A cerebral or intra-cranial aneurysm (IA) is a pathological saccular bulge occurring
in the cerebral arteries of the brain. These structures have a propensity to rupture due
to their structurally deficient arising from their pathological nature. A ruptured IA can
have disastrous or fatal consequence for a patient. Surgical intervention furthermore carries
its own innate risks. Therefore, an understanding of IA initiation, growth and rupture
remains imperative in the treatment of the disease. However, these processes remain poorly
understood.
Hemodynamics, the mechanical forces imparted on the vessel wall from the flowing blood
contained within, is thought to be a substantial contributing factor in the progression of the
disease. The study of aneurysmal hemodynamics and their impact on the aneurysm wall
remains challenging due to the inaccessibility from their location deep within the brain
that clinicians are faced with. Therefore, computational fluid dynamics (CFD) studies are
frequently utilized in the study of aneurysmal heodynamics.
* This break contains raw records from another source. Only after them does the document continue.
text \<open>Lorentzian form on L^4, extended complex-bilinearly to C^4.\<close>
definition lor :: "complex ^ 4 \<Rightarrow> complex ^ 4 \<Rightarrow> complex" where
  "lor x y = x$1 * y$1 + x$2 * y$2 + x$3 * y$3 - x$4 * y$4"

definition cconj :: "complex ^ 4 \<Rightarrow> complex ^ 4" where
  "cconj x = (\<chi> i. cnj (x $ i))"

text \<open>Metric coefficient Lambda = 2 <X_z, conj X_z> and mean curvature vector H = (4/Lambda) X_{z zbar}.\<close>
definition Lam :: "(complex \<Rightarrow> real ^ 4) \<Rightarrow> complex \<Rightarrow> complex" where
  "Lam X z = 2 * lor (DzV (\<lambda>w. cvec (X w)) z) (cconj (DzV (\<lambda>w. cvec (X w)) z))"

definition conformal_spacelike_immersion :: "complex set \<Rightarrow> (complex \<Rightarrow> real ^ 4) \<Rightarrow> bool" where
  "conformal_spacelike_immersion S X \<longleftrightarrow>
     (\<forall>z\<in>S. X differentiable (at z) \<and>
        lor (DzV (\<lambda>w. cvec (X w)) z) (DzV (\<lambda>w. cvec (X w)) z) = 0 \<and>
        Im (Lam X z) = 0 \<and> Re (Lam X z) > 0)"

definition meanH :: "(complex \<Rightarrow> real ^ 4) \<Rightarrow> complex \<Rightarrow> complex ^ 4" where
  "meanH X z = (4 / Lam X z) *s DzbV (DzV (\<lambda>w. cvec (X w))) z"

definition marginally_trapped :: "complex set \<Rightarrow> (complex \<Rightarrow> real ^ 4) \<Rightarrow> bool" where
  "marginally_trapped S X \<longleftrightarrow> (\<forall>z\<in>S. lor (meanH X z) (meanH X z) = 0)"

definition weierstrass_first_kind ::
  "complex set \<Rightarrow> (complex \<Rightarrow> complex) \<Rightarrow> (complex \<Rightarrow> real) \<Rightarrow> (complex \<Rightarrow> real) \<Rightarrow> bool" where
  "weierstrass_first_kind S g P Q \<longleftrightarrow>
     g holomorphic_on S \<and> (\<forall>z\<in>S. g z \<noteq> 0) \<and> C2_on S P \<and> C2_on S Q \<and>
     (\<forall>z\<in>S. Dzb (Dz (cfun P)) z = complex_of_real ((cmod (g z))\<^sup>2) * Dzb (Dz (cfun Q)) z) \<and>
     (\<forall>z\<in>S. Dz (cfun P) z - complex_of_real ((cmod (g z))\<^sup>2) * Dz (cfun Q) z \<noteq> 0)"

definition Pvec :: "complex \<Rightarrow> complex ^ 4" where
  "Pvec g = vector [1 / g, \<i> / g, 1, 1]"

definition Qvec :: "complex \<Rightarrow> complex ^ 4" where
  "Qvec g = vector [g, - \<i> * g, -1, 1]"

definition Gvec :: "complex \<Rightarrow> complex ^ 4" where
  "Gvec g = vector [complex_of_real (2 * Re g), complex_of_real (2 * Im g),
                    complex_of_real (-1 + (cmod g)\<^sup>2), complex_of_real (1 + (cmod g)\<^sup>2)]"

end
lemma holo_on_ot_act:
  assumes "holo_on V g"
  shows "holo_on V (\<lambda>w. ot_act emb u a (g w))"
  unfolding holo_on_def
proof (intro conjI ballI)
  show "open V"
    using assms unfolding holo_on_def by blast
  fix z assume "z \<in> V"
  then obtain L where L: "(g has_derivative L) (at z)" "\<forall>c w. L (c *s w) = c *s L w"
    using assms unfolding holo_on_def by blast
  let ?M = "\<lambda>y. \<chi> i. emb i u * (y $ i)"
  have "((\<lambda>w. ot_act emb u a (g w)) has_derivative (\<lambda>h. ?M (L h))) (at z)"
    using diff_chain_at[OF L(1) has_derivative_ot_act] by (simp add: o_def)
  moreover have "?M (L (c *s w)) = c *s ?M (L w)" for c w
    using L(2) by (simp add: vec_eq_iff algebra_simps)
  ultimately show "\<exists>L. ((\<lambda>w. ot_act emb u a (g w)) has_derivative L) (at z) \<and>
                       (\<forall>c w. L (c *s w) = c *s L w)" by blast
qed

lemma holo_on_UNIV_if_locally:
  assumes "\<And>z. \<exists>N h. z \<in> N \<and> holo_on N h \<and> (\<forall>w\<in>N. G w = h w)"
  shows "holo_on UNIV G"
  unfolding holo_on_def
proof (intro conjI ballI open_UNIV)
  fix z
  obtain N h where N: "z \<in> N" "holo_on N h" "\<forall>w\<in>N. G w = h w"
    using assms by blast
  then obtain L where L: "(h has_derivative L) (at z)" "\<forall>c w. L (c *s w) = c *s L w"
    unfolding holo_on_def by blast
  have "(G has_derivative L) (at z)"
    by (rule has_derivative_transform_within_open[OF L(1), of N])
       (use N in \<open>auto simp: holo_on_def\<close>)
  with L(2) show "\<exists>L. (G has_derivative L) (at z) \<and> (\<forall>c w. L (c *s w) = c *s L w)"
    by blast
qed

lemma holomorphic_on_line_component:
  fixes G :: "complex ^ 'n::finite \<Rightarrow> complex ^ 'k::finite"
  assumes "holo_on UNIV G"
  shows "(\<lambda>\<zeta>. G (w0 + \<zeta> *s v) $ k) holomorphic_on UNIV"
  unfolding holomorphic_on_open[OF open_UNIV]
proof
  fix \<zeta>0 :: complex
  obtain L where L: "(G has_derivative L) (at (w0 + \<zeta>0 *s v))" "\<forall>c w. L (c *s w) = c *s L w"
    using assms unfolding holo_on_def by blast
  have "linear (\<lambda>h::complex. h *s v)"
    by (rule linearI) (simp_all add: vec_eq_iff algebra_simps)
  then have "((\<lambda>\<zeta>. \<zeta> *s v + w0) has_derivative (\<lambda>h. h *s v)) (at \<zeta>0)"
    by (intro has_derivative_add_const bounded_linear_imp_has_derivative
          linear_conv_bounded_linear[THEN iffD1])
  then have "((\<lambda>\<zeta>. w0 + \<zeta> *s v) has_derivative (\<lambda>h. h *s v)) (at \<zeta>0)"
    by (simp add: add.commute)
  from bounded_linear.has_derivative[OF bounded_linear_vec_nth diff_chain_at[OF this L(1)]]
  have "((\<lambda>\<zeta>. G (w0 + \<zeta> *s v) $ k) has_derivative (\<lambda>h. h * L v $ k)) (at \<zeta>0)"
    using L(2) by (simp add: o_def)
  then show "\<exists>f'. ((\<lambda>\<zeta>. G (w0 + \<zeta> *s v) $ k) has_field_derivative f') (at \<zeta>0)"
    unfolding has_field_derivative_def mult_commute_abs by blast
qed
The work herein focuses on advancing the study of aneurysmal hemodynamics in four
major areas. The first is an extensive categorization of the blood flow waveforms found within
the cerebral circulation from a uniquely large data-set of 272 cardiovascular patent waveforms
that quantifies the impact on the hemodynamics from the variation in this large data-set. The
second section focuses on quantifying the multi-parameter relationship between aneurysmal
geometry and intra-saccular flow-structure via parametric study. The third section explores
the impact of the pathological morphology of aneurysms on the blood’s ability to transport
oxygen to the wall tissue within the aneurysm. Finally, this work identifies geometric features
additional to those previously known which initiate pathological high-frequency fluctuations
in the blood flow and examines possible solution strategies in answering the open question
as to what impact do these flow features have on the development of IAs.